YOUR GOAL:
Scan the entries that follow and copy out every line containing "have".

MATERIALS PROVIDED:
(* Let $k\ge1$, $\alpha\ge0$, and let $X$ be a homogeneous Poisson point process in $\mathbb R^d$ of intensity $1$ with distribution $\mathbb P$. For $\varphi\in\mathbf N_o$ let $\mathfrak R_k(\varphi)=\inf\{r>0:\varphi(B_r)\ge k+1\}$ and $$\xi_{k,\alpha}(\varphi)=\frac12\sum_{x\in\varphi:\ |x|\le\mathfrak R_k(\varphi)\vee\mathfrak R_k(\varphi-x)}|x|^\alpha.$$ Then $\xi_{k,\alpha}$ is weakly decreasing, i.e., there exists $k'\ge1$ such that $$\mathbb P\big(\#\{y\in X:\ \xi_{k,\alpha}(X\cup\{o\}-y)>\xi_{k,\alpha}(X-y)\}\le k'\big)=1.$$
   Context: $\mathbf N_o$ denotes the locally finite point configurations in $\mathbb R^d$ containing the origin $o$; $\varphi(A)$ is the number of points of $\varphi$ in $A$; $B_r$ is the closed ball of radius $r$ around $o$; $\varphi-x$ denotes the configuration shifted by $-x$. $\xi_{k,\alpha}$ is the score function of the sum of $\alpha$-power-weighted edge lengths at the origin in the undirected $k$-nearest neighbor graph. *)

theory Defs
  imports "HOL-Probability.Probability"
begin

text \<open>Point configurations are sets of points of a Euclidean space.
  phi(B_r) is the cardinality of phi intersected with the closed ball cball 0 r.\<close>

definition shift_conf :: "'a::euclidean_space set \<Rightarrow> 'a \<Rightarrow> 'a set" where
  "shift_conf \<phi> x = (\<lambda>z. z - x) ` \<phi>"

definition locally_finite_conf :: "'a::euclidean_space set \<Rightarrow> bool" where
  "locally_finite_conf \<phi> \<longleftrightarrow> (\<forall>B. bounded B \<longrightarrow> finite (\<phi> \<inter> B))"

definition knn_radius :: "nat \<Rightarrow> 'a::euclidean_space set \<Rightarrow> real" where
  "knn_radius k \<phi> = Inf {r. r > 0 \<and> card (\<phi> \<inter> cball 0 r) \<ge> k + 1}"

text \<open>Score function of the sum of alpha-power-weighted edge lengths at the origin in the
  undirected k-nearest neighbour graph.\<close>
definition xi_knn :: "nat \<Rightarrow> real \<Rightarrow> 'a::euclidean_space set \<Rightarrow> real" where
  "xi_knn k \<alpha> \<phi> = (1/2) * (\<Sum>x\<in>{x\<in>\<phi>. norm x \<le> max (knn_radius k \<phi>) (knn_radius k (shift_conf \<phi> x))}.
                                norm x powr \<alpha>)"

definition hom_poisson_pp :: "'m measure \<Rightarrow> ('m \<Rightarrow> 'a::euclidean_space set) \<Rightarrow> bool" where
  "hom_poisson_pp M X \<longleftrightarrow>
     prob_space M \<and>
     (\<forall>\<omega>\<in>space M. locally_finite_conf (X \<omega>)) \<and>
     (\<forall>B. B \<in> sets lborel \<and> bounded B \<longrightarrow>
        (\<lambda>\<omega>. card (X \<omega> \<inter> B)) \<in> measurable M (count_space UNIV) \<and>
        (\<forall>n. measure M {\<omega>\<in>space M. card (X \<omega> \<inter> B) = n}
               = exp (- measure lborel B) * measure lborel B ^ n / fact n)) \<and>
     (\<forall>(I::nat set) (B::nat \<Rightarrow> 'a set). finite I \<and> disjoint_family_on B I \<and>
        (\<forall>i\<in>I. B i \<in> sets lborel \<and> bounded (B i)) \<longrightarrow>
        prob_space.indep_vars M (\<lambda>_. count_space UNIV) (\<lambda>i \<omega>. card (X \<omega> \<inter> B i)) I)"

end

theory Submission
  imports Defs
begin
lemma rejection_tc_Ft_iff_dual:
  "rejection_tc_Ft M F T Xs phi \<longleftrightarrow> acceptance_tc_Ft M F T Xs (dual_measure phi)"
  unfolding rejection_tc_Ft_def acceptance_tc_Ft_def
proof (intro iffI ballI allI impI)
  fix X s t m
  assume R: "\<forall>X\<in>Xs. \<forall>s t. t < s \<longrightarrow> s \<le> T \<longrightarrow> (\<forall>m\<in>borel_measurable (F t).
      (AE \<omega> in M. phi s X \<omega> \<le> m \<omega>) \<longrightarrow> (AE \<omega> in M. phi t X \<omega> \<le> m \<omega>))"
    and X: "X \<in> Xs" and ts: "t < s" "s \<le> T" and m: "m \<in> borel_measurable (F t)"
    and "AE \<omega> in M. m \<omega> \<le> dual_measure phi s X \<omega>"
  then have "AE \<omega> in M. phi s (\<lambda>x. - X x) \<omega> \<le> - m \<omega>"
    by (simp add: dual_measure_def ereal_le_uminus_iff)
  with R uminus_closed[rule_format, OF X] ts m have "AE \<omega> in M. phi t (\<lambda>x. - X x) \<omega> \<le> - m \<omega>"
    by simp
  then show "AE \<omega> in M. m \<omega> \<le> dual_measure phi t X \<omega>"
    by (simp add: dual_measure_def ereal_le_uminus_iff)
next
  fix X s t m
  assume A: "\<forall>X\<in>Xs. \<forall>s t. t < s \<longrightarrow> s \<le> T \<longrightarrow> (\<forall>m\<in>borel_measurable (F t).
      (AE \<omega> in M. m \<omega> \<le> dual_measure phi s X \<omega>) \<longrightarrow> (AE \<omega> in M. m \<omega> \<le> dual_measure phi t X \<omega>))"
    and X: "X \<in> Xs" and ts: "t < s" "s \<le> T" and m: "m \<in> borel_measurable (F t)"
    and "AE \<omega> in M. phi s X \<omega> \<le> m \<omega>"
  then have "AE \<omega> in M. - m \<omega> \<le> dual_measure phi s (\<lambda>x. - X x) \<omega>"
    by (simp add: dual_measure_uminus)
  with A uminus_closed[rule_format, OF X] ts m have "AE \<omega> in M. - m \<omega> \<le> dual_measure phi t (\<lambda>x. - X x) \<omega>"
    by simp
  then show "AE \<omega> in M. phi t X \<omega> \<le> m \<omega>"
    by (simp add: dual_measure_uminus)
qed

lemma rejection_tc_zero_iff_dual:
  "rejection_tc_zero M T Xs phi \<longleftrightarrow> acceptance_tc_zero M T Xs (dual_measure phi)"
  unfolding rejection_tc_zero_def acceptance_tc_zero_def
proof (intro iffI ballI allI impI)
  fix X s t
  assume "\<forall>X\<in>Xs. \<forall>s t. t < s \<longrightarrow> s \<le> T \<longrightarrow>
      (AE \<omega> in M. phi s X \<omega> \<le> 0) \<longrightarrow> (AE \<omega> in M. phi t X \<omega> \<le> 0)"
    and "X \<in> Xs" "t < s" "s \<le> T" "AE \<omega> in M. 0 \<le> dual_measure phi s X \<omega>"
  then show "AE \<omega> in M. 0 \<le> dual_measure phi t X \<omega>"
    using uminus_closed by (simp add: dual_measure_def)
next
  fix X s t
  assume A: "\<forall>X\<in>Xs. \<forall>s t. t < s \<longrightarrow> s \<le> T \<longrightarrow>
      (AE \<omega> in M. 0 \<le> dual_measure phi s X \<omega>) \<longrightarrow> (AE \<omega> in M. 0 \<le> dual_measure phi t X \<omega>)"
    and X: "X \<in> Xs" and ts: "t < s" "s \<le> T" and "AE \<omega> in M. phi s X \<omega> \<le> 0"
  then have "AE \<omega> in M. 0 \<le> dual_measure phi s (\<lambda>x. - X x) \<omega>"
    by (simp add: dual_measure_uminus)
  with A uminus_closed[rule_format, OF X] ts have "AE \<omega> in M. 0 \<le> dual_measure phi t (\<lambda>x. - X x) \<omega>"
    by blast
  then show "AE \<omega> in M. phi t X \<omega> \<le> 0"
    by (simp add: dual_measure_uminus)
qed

RESPONSE AREA:
  then have "AE \<omega> in M. phi s (\<lambda>x. - X x) \<omega> \<le> - m \<omega>"
  with R uminus_closed[rule_format, OF X] ts m have "AE \<omega> in M. phi t (\<lambda>x. - X x) \<omega> \<le> - m \<omega>"
  then have "AE \<omega> in M. - m \<omega> \<le> dual_measure phi s (\<lambda>x. - X x) \<omega>"
  with A uminus_closed[rule_format, OF X] ts m have "AE \<omega> in M. - m \<omega> \<le> dual_measure phi t (\<lambda>x. - X x) \<omega>"
  then have "AE \<omega> in M. 0 \<le> dual_measure phi s (\<lambda>x. - X x) \<omega>"
  with A uminus_closed[rule_format, OF X] ts have "AE \<omega> in M. 0 \<le> dual_measure phi t (\<lambda>x. - X x) \<omega>"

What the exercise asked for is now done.